Your response should be a copy of each line in the listing below that includes the word "close".
_ _ _ _ _ _ _
(* Let $k$ be odd and let $G$ be a $k$-uniform $s$-cycle with $1\le s<\frac{k}{2}$. Then $\lambda(\mathcal{L})=\Delta=2$, where $\Delta$ is the maximum degree of $G$. If $s$ is even, then the only Laplacian H-eigenvalue $\lambda$ of $G$ with $\lambda>1$ is $2$.
   Context: A $k$-uniform $s$-cycle with $m$ edges has vertex set $\mathbb{Z}_n$, $n=m(k-s)$ (vertex $n+i$ identified with $i$), and edges $e_j=\{j(k-s)+1,\ldots,j(k-s)+k\}$, $j=0,\ldots,m-1$; it is assumed that $n\ge 2k-s$. The degree $d_i$ of a vertex is the number of edges containing it. A Laplacian H-eigenvalue of $G$ is a real $\lambda$ for which there exists $\mathbf{x}\in\mathbb{R}^n\setminus\{0\}$ with $\lambda x_i^{k-1}=d_ix_i^{k-1}-\sum_{e\ni i}\prod_{j\in e\setminus\{i\}}x_j$ for all $i$ (equivalently, an H-eigenvalue of the Laplacian tensor $\mathcal{L}=\mathcal{D}-\mathcal{A}$, with $\mathcal{A}$ the adjacency tensor having entries $1/(k-1)!$ on edges and $\mathcal{D}$ the diagonal degree tensor); $\lambda(\mathcal{L})$ is the largest Laplacian H-eigenvalue. *)

theory Defs
  imports Complex_Main
begin

text \<open>A k-uniform s-cycle with m edges. Vertices are 0..<n, n = m(k-s), representing Z_n
(vertex n+i identified with i via mod n).\<close>

definition scyc_n :: "nat \<Rightarrow> nat \<Rightarrow> nat \<Rightarrow> nat" where
  "scyc_n k s m = m * (k - s)"
(* Amplitudes on register a and memory m: z / sqrt N on the empty memory m = 0, x / N on every
   other memory, plus y / sqrt N on the diagonal a = m.  ansatz_norm is the squared norm;
   ansatz N 0 0 1 is the final state of an optimal protocol. *)
definition ansatz :: "nat \<Rightarrow> complex \<Rightarrow> complex \<Rightarrow> complex \<Rightarrow> nat \<times> nat \<Rightarrow> complex" where
  "ansatz N z x y = (\<lambda>(a, m). if m = 0 then z / sqrt N else (x / sqrt N + (if a = m then y else 0)) / sqrt N)"

definition ansatz_norm :: "nat \<Rightarrow> complex \<Rightarrow> complex \<Rightarrow> complex \<Rightarrow> complex" where
  "ansatz_norm N z x y = z * cnj z + x * cnj x + (x * cnj y + y * cnj x) / sqrt N + y * cnj y"

lemma ptrace_outer_ansatz:
  assumes N: "N \<ge> 1" and a: "a \<in> {1..N}" and b: "b \<in> {1..N}"
  shows "ptrace {0..N} (outer (ansatz N z x y)) a b
    = (ansatz_norm N z x y - y * cnj y + of_bool (a = b) * (y * cnj y)) / of_nat N"
proof -
  define r where "r = complex_of_real (sqrt N)"
  have sq: "of_nat N = r * r" and r0: "r \<noteq> 0" and cr: "cnj r = r"
    using N by (simp_all add: r_def flip: of_real_mult)
  have amp: "ansatz N z x y (a, m) = (if m = 0 then z / r else (x / r + (if a = m then y else 0)) / r)" for a m
    unfolding ansatz_def r_def by simp
  have "{0..N} = insert 0 {1..N}" by auto
  then have "ptrace {0..N} (outer (ansatz N z x y)) a b
    = z * cnj z / (r * r) + (\<Sum>m\<in>{1..N}. ansatz N z x y (a, m) * cnj (ansatz N z x y (b, m)))"
    using cr by (simp add: ptrace_outer amp)
  also have "(\<Sum>m\<in>{1..N}. ansatz N z x y (a, m) * cnj (ansatz N z x y (b, m)))
    = (\<Sum>m\<in>{1..N}. x * cnj x / (r * r * r * r) + (if m = b then x * cnj y / (r * r * r) else 0)
        + (if m = a then y * cnj x / (r * r * r) else 0) + (if m = a then of_bool (a = b) * (y * cnj y) / (r * r) else 0))"
    using cr r0 by (intro sum.cong refl) (auto simp: amp field_simps)
  also have "\<dots> = of_nat N * (x * cnj x / (r * r * r * r)) + x * cnj y / (r * r * r) + y * cnj x / (r * r * r)
      + of_bool (a = b) * (y * cnj y) / (r * r)"
    using a b by (simp add: sum.distrib)
  finally show ?thesis
    unfolding ansatz_norm_def r_def[symmetric] sq using r0 by (simp add: field_simps)
qed

lemma oracle_diag_ansatz:
  assumes "a \<in> {1..N}"
  shows "oracle_diag \<Delta> m a * ansatz N z x y (a, m)
    = ansatz N z x (oracle_phase \<Delta> * y + (oracle_phase \<Delta> - 1) * x / sqrt N) (a, m)"
  using assms unfolding oracle_diag_def ansatz_def by (auto simp: field_simps)
lemma even_if_power_two_dvd_fact_difference:
  assumes "k \<ge> 2" and n: "n = 2 ^ k"
    and dvd: "(2::int) ^ Suc (n - k) dvd 2 * int l * fact (n - 1) - fact n"
  shows "even l"
proof -
  have "k < n"
    using n by (simp add: less_exp)
  have "popcount (n - 1) = k"
    using n popcount_power_minus_one by simp
  then obtain q where q: "odd q" "fact (n - 1) = (2::int) ^ (n - 1 - k) * q"
    using fact_eq_power_two_times_odd [of "n - 1"] by auto
  have "fact n = (2::int) ^ k * fact (n - 1)"
    using \<open>k < n\<close> n by (metis Suc_pred' fact_Suc gr_zeroI not_less_zero of_nat_numeral of_nat_power)
  moreover have "(2::int) ^ k = 2 * 2 ^ (k - 1)"
    using \<open>k \<ge> 2\<close> by (simp flip: power_Suc)
  ultimately have "2 * int l * fact (n - 1) - fact n = 2 * 2 ^ (n - 1 - k) * (q * (int l - 2 ^ (k - 1)))"
    using q(2) by (simp add: algebra_simps)
  also have "2 * 2 ^ (n - 1 - k) = (2::int) ^ (n - k)"
    using \<open>k < n\<close> by (simp flip: power_Suc add: Suc_diff_Suc)
  finally have "2 * int l * fact (n - 1) - fact n = (2::int) ^ (n - k) * (q * (int l - 2 ^ (k - 1)))" .
  with dvd have "even (q * (int l - 2 ^ (k - 1)))"
    by simp
  with q(1) \<open>k \<ge> 2\<close> show ?thesis
    by simp
qed
text \<open>Weighting the prefix \<open>o'\<close> of \<open>o\<close> by \<open>M\<^sub>b(o)/M\<^sub>b(o')\<close>, the conditional probability of completing
  it to \<open>o\<close>, turns the sum over prefixes into the expected value of \<open>tail_prob\<close> at the output.\<close>

lemma sum_prefixes_univer_prob:
  assumes "height t < length os" "seqprob Mb os \<noteq> 0"
  shows "(\<Sum>l\<in>{1..length os}. seqprob Mb os * univer_prob Mb Ms gtop t lab (take l os) / seqprob Mb (take l os))
    = univer_value Mb Ms gtop t lab 1 (tail_prob Mb os)"
proof -
  have "seqprob Mb os * univer_prob Mb Ms gtop t lab (take l os) / seqprob Mb (take l os)
      = stopping_value (stop_prob Mb Ms gtop t lab 1)
          (\<lambda>v. tail_prob Mb os (take l os) * output_prob Mb Ms gtop t lab (take l os) v) (postorder t)"
    if "l \<in> {1..length os}" for l
  proof -
    have factor: "seqprob Mb os = seqprob Mb (take l os) * tail_prob Mb os (take l os)"
      using that by (intro seqprob_take_mult_tail_prob[symmetric]) simp
    with assms(2) have "seqprob Mb (take l os) \<noteq> 0"
      by auto
    then show ?thesis
      by (simp add: factor univer_prob_eq_stopping_value stopping_value_scale)
  qed
  then have "(\<Sum>l\<in>{1..length os}. seqprob Mb os * univer_prob Mb Ms gtop t lab (take l os) / seqprob Mb (take l os))
      = stopping_value (stop_prob Mb Ms gtop t lab 1)
          (\<lambda>v. \<Sum>l\<in>{1..length os}. tail_prob Mb os (take l os) * output_prob Mb Ms gtop t lab (take l os) v)
          (postorder t)"
    by (simp add: stopping_value_sum)
  also have "\<dots> = univer_value Mb Ms gtop t lab 1 (tail_prob Mb os)"
    unfolding univer_value_def
    using length_postorder_le assms(1)
    by (intro stopping_value_cong sum_prefixes_output_prob) (meson le_less_trans)
  finally show ?thesis .
qed

theorem corollary1:
  fixes Mb Ms :: "'a::finite list \<Rightarrow> 'a \<Rightarrow> real"
    and gtop :: "'a list \<Rightarrow> nat \<Rightarrow> 'a list"
    and t :: topo and D L :: nat and os :: "'a list"
  assumes Mb_nonneg: "\<forall>ctx x. 0 \<le> Mb ctx x"
    and Mb_sum: "\<forall>ctx. (\<Sum>x\<in>UNIV. Mb ctx x) = 1"
    and Ms_nonneg: "\<forall>ctx x. 0 \<le> Ms ctx x"
    and Ms_sum: "\<forall>ctx. (\<Sum>x\<in>UNIV. Ms ctx x) = 1"
    and greedy: "\<forall>ctx k. k < card (UNIV :: 'a set) \<longrightarrow>
        length (gtop ctx k) = k \<and> distinct (gtop ctx k)
        \<and> sorted_wrt (\<lambda>x y. Ms ctx y \<le> Ms ctx x) (gtop ctx k)
        \<and> (\<forall>x\<in>set (gtop ctx k). \<forall>y. y \<notin> set (gtop ctx k) \<longrightarrow> Ms ctx y \<le> Ms ctx x)"
    and depth: "height t = D"
    and fanout: "\<forall>v\<in>set (postorder t). nch t v \<le> card (UNIV :: 'a set)"
    and residual_pos: "\<forall>ctx. \<forall>v\<in>set (postorder t). 0 < nch t v \<longrightarrow>
        0 < (\<Sum>y\<in>UNIV - set (gtop ctx (nch t v - 1)). Ms ctx y)"
    and L: "D + 1 \<le> L"
    and len: "length os = L"
  shows "(\<Sum>lab\<in>draft_trees t. pdraft Ms gtop t lab *
           (\<Sum>l\<in>{1..L}. seqprob Mb os * univer_prob Mb Ms gtop t lab (take l os)
                          / seqprob Mb (take l os)))
         = seqprob Mb os"
proof (cases "seqprob Mb os = 0")
  case False
  have "well_posed Mb Ms gtop t"
    using Mb_nonneg Mb_sum Ms_nonneg greedy fanout residual_pos
    by (simp add: well_posed_def distinct_tops_def)
  moreover have deep: "height t < length os"
    using depth L len by simp
  ultimately have "(\<Sum>lab\<in>draft_trees t. pdraft Ms gtop t lab * univer_value Mb Ms gtop t lab 1 (tail_prob Mb os))
      = tail_prob Mb os []"
    using lossless_invariant_holds[of Mb Ms gtop t 1] harmonic_tail_prob[OF deep]
    by (simp add: lossless_invariant_def)
  moreover have "(\<Sum>l\<in>{1..L}. seqprob Mb os * univer_prob Mb Ms gtop t lab (take l os) / seqprob Mb (take l os))
      = univer_value Mb Ms gtop t lab 1 (tail_prob Mb os)" for lab
    using sum_prefixes_univer_prob[OF deep False] len by simp
  ultimately show ?thesis
    by (simp add: tail_prob_Nil)
qed simp

end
_ _ _ _ _ _ _
# Response area
(vertex n+i identified with i via mod n).\<close>
    using \<open>k < n\<close> n by (metis Suc_pred' fact_Suc gr_zeroI not_less_zero of_nat_numeral of_nat_power)
    using \<open>k \<ge> 2\<close> by (simp flip: power_Suc)
    using \<open>k < n\<close> by (simp flip: power_Suc add: Suc_diff_Suc)
  with q(1) \<open>k \<ge> 2\<close> show ?thesis
text \<open>Weighting the prefix \<open>o'\<close> of \<open>o\<close> by \<open>M\<^sub>b(o)/M\<^sub>b(o')\<close>, the conditional probability of completing
  it to \<open>o\<close>, turns the sum over prefixes into the expected value of \<open>tail_prob\<close> at the output.\<close>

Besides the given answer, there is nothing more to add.